INSTITUTIONAL REPOSITORIES

By Richard W. Boss

A number of academic libraries have created institutional repositories, digital collections capturing, preserving, organizing, and facilitating access to the intellectual output of a single college or university, or system of colleges and/or universities. The idea was not unique to them, but was borrowed from corporations that are research intensive and want to improve retention and access to the scholarly output of their researchers. While academic institutions generally seek to promote access to their repositories by those outside the institution, corporations generally seek to limit access to their own employees and the employees of companies with which they are engaged in collaborative research.

In January of 2006, the Technology Committee of the Public Library Association, the sponsor of TechNotes, decided that public libraries might have a role to play in creating and maintaining institutional repositories for the intellectual output of their communities. This TechNote investigates that question.

The Rationale

Underlying the concept of an institutional repository is the growing awareness that the traditional publishing model no longer meets the needs of those who seek to disseminate or access scholarly output. There is too much for the capacity of traditional publishing, both book and journal, to accommodate. The slowness and cost of disseminating scholarly output via print are also serious limitations. Increasingly, scholars are sharing their results with others via the Internet using e-mail, Web sites, blogs, etc. The problem is the lack of organization of the scholarly output, therefore, much that is worthwhile does not come to the attention of those who may find it useful; and much disappears after a short period of time.

The Elements of a Repository

There appears to be general agreement among those who have written about the subject that there are a few basic elements that characterize an institutional repository: an institution, scholarship, a digital collection, a retention format, and a retention period.

The first element of an institutional repository is an "institution." Not only does that limit the scope of the collection, but it facilitates the establishment and maintenance of the repository because the institution presumably has an interest in promoting the scholarship of its faculty, students, or employees. It may authorize a library to assume this role and may even advance funds for it to do so.

A public library is itself an institution. In most cases, its staff will not produce enough scholarly output to warrant the establishment and maintenance of an institutional repository. A public library can think of itself as part of a greater whole, the community that it serves or the municipal or county government of which it is a part.

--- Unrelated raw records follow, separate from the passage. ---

lemma sorted_intervals_count_le_card_fibre:
  fixes \<phi> :: "real \<Rightarrow> real" and c d :: "nat \<Rightarrow> real"
  assumes \<phi>: "continuous_on UNIV \<phi>" and fibres: "\<And>y. finite (\<phi> -` {y})"
    and le: "\<And>i. i < r \<Longrightarrow> c i \<le> d i" and less: "\<And>i j. i < j \<Longrightarrow> j < r \<Longrightarrow> d i < c j"
    and S: "\<phi> -` {\<alpha>..\<beta>} = (\<Union>i<r. {c i..d i})"
  obtains y where "r \<le> card (\<phi> -` {y})"
proof -
  obtain \<epsilon> m where "\<epsilon> > 0" and m_lo: "\<And>i j. i < j \<Longrightarrow> d i < m j"
    and m_hi: "\<And>i j. j \<le> i \<Longrightarrow> i < r \<Longrightarrow> m j < c i"
    and m_far: "\<And>j. j \<le> r \<Longrightarrow> \<phi> (m j) \<notin> {\<alpha>-\<epsilon>..\<beta>+\<epsilon>}"
    using sorted_intervals_separators[where c = c and d = d and r = r, OF less S] by metis
  define T where "T = \<phi> -` {\<alpha>-\<epsilon>, \<beta>+\<epsilon>}"
  have T_Un: "T = \<phi> -` {\<alpha>-\<epsilon>} \<union> \<phi> -` {\<beta>+\<epsilon>}"
    by (auto simp: T_def)
  then have "finite T"
    using fibres by simp
  have two: "2 \<le> card (T \<inter> {m i<..<m (Suc i)})" if "i < r" for i
    unfolding T_def
  proof (rule two_crossings_of_enlarged_interval[OF \<phi> \<open>\<epsilon> > 0\<close>])
    show "finite (\<phi> -` {\<alpha>-\<epsilon>, \<beta>+\<epsilon>})"
      using \<open>finite T\<close> by (simp add: T_def)
    show "m i < c i" "c i \<le> d i" "d i < m (Suc i)"
      using m_hi[OF order_refl that] le[OF that] m_lo[of i "Suc i"] by simp_all
    have "{c i..d i} \<subseteq> \<phi> -` {\<alpha>..\<beta>}"
      unfolding S using that by blast
    then show "\<phi> (c i) \<in> {\<alpha>..\<beta>}" "\<phi> (d i) \<in> {\<alpha>..\<beta>}"
      using le[OF that] by auto
    show "\<phi> (m i) \<notin> {\<alpha>-\<epsilon>..\<beta>+\<epsilon>}" "\<phi> (m (Suc i)) \<notin> {\<alpha>-\<epsilon>..\<beta>+\<epsilon>}"
      using m_far that by simp_all
  qed
  have "m i \<le> m j" if "i \<le> j" "j \<le> r" for i j
  proof (cases "i = j")
    case False
    then show ?thesis
      using m_hi[OF order_refl, of i] le[of i] m_lo[of i j] that by simp
  qed simp
  then have "2 * r \<le> card T"
    using card_ge_if_disjoint_blocks[OF \<open>finite T\<close> _ disjoint_family_on_consecutive_Ioo] two by fastforce
  also have "\<dots> \<le> card (\<phi> -` {\<alpha>-\<epsilon>}) + card (\<phi> -` {\<beta>+\<epsilon>})"
    unfolding T_Un by (rule card_Un_le)
  finally have "r \<le> card (\<phi> -` {\<alpha>-\<epsilon>}) \<or> r \<le> card (\<phi> -` {\<beta>+\<epsilon>})"
    by linarith
  then show thesis
    using that by blast
qed

theorem lemma3p3:
  fixes \<phi> :: "real \<Rightarrow> real" and a b :: real
  assumes "continuous_on UNIV \<phi>"
    and "fibre_card_sup \<phi> < \<infinity>"
    and "U \<phi> < \<infinity>"
    and "b > 0"
  shows "\<exists>(r::nat) (c::nat \<Rightarrow> real) (d::nat \<Rightarrow> real).
           (\<forall>i<r. c i \<le> d i)
         \<and> disjoint_family_on (\<lambda>i. {c i..d i}) {..<r}
         \<and> \<phi> -` {a-b..a+b} = (\<Union>i<r. {c i..d i})
         \<and> (\<Sum>i<r. emeasure lborel {c i..d i}) \<le> 2 * of_int \<lceil>b\<rceil> * U \<phi>
         \<and> enat r \<le> fibre_card_sup \<phi>"
proof -
  have fibres: "finite (\<phi> -` {y})" for y
    using finite_fibre_if_fibre_card_sup_finite[OF assms(2)] .
  have measure: "emeasure lborel (\<phi> -` {a-b..a+b}) \<le> 2 * of_int \<lceil>b\<rceil> * U \<phi>"
    using emeasure_vimage_Icc_le_U[OF assms(1,4)] .
  then have "emeasure lborel (\<phi> -` {a-b..a+b}) < \<infinity>"
    using assms(3) by (simp add: ennreal_mult_less_top order.strict_trans1 ennreal_mult_eq_top_iff)
  then obtain r and c d :: "nat \<Rightarrow> real" where le: "\<And>i. i < r \<Longrightarrow> c i \<le> d i"
    and less: "\<And>i j. i < j \<Longrightarrow> j < r \<Longrightarrow> d i < c j" and S: "\<phi> -` {a-b..a+b} = (\<Union>i<r. {c i..d i})"
    using vimage_Icc_eq_sorted_intervals[OF assms(1) fibres] by blast
  have disjoint: "disjoint_family_on (\<lambda>i. {c i..d i}) {..<r}"
    using less by (rule disjoint_family_on_sorted_intervals)
  have "(\<Sum>i<r. emeasure lborel {c i..d i}) = emeasure lborel (\<phi> -` {a-b..a+b})"
    unfolding S using disjoint by (intro sum_emeasure) auto
  moreover obtain y where "r \<le> card (\<phi> -` {y})"
    using sorted_intervals_count_le_card_fibre[OF assms(1) fibres le less S] .
  then have "enat r \<le> fibre_card_sup \<phi>"
    using card_fibre_le_fibre_card_sup[OF fibres, of y] by (meson enat_ord_simps(1) order_trans)
  ultimately show ?thesis
    using le disjoint S measure by (intro exI[of _ r] exI[of _ c] exI[of _ d] conjI) auto
qed

end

It is difficult to think of an entire community as an "institution" that a public library might seek to support with an institutional repository. Not only is a community comprised of multiple institutions, both academic and corporate, but also of many unaffiliated individuals. Clearly, a "community repository" established and maintained by a public library cannot expect to include all of the local scholarly output. For that reason, the role of the public library might be a combination of a repository and links to other repositories, thus facilitating the discovery of all publicly available scholarship, regardless of where the primary responsibility for capturing, preserving, organizing, and providing access lies. In that case, it would limit its collection to that which the other institutions do not include in their repositories.

Another option for a public library is to participate with other organizations, including libraries, to jointly develop an institutional repository. This might significantly reduce the impact on staff and budget unless the consortium seeks to define the scope of the depository much more broadly than the library would have done.

A public library might also opt to define the institution as the municipal or county government of which it is a part. In that case, it would limit its collection to the output of that governmental entity. The question then arises as to whether it is acting as an electronic archive for governmental bodies and, if so, whether it has both a mandate and financial support for assuming that role.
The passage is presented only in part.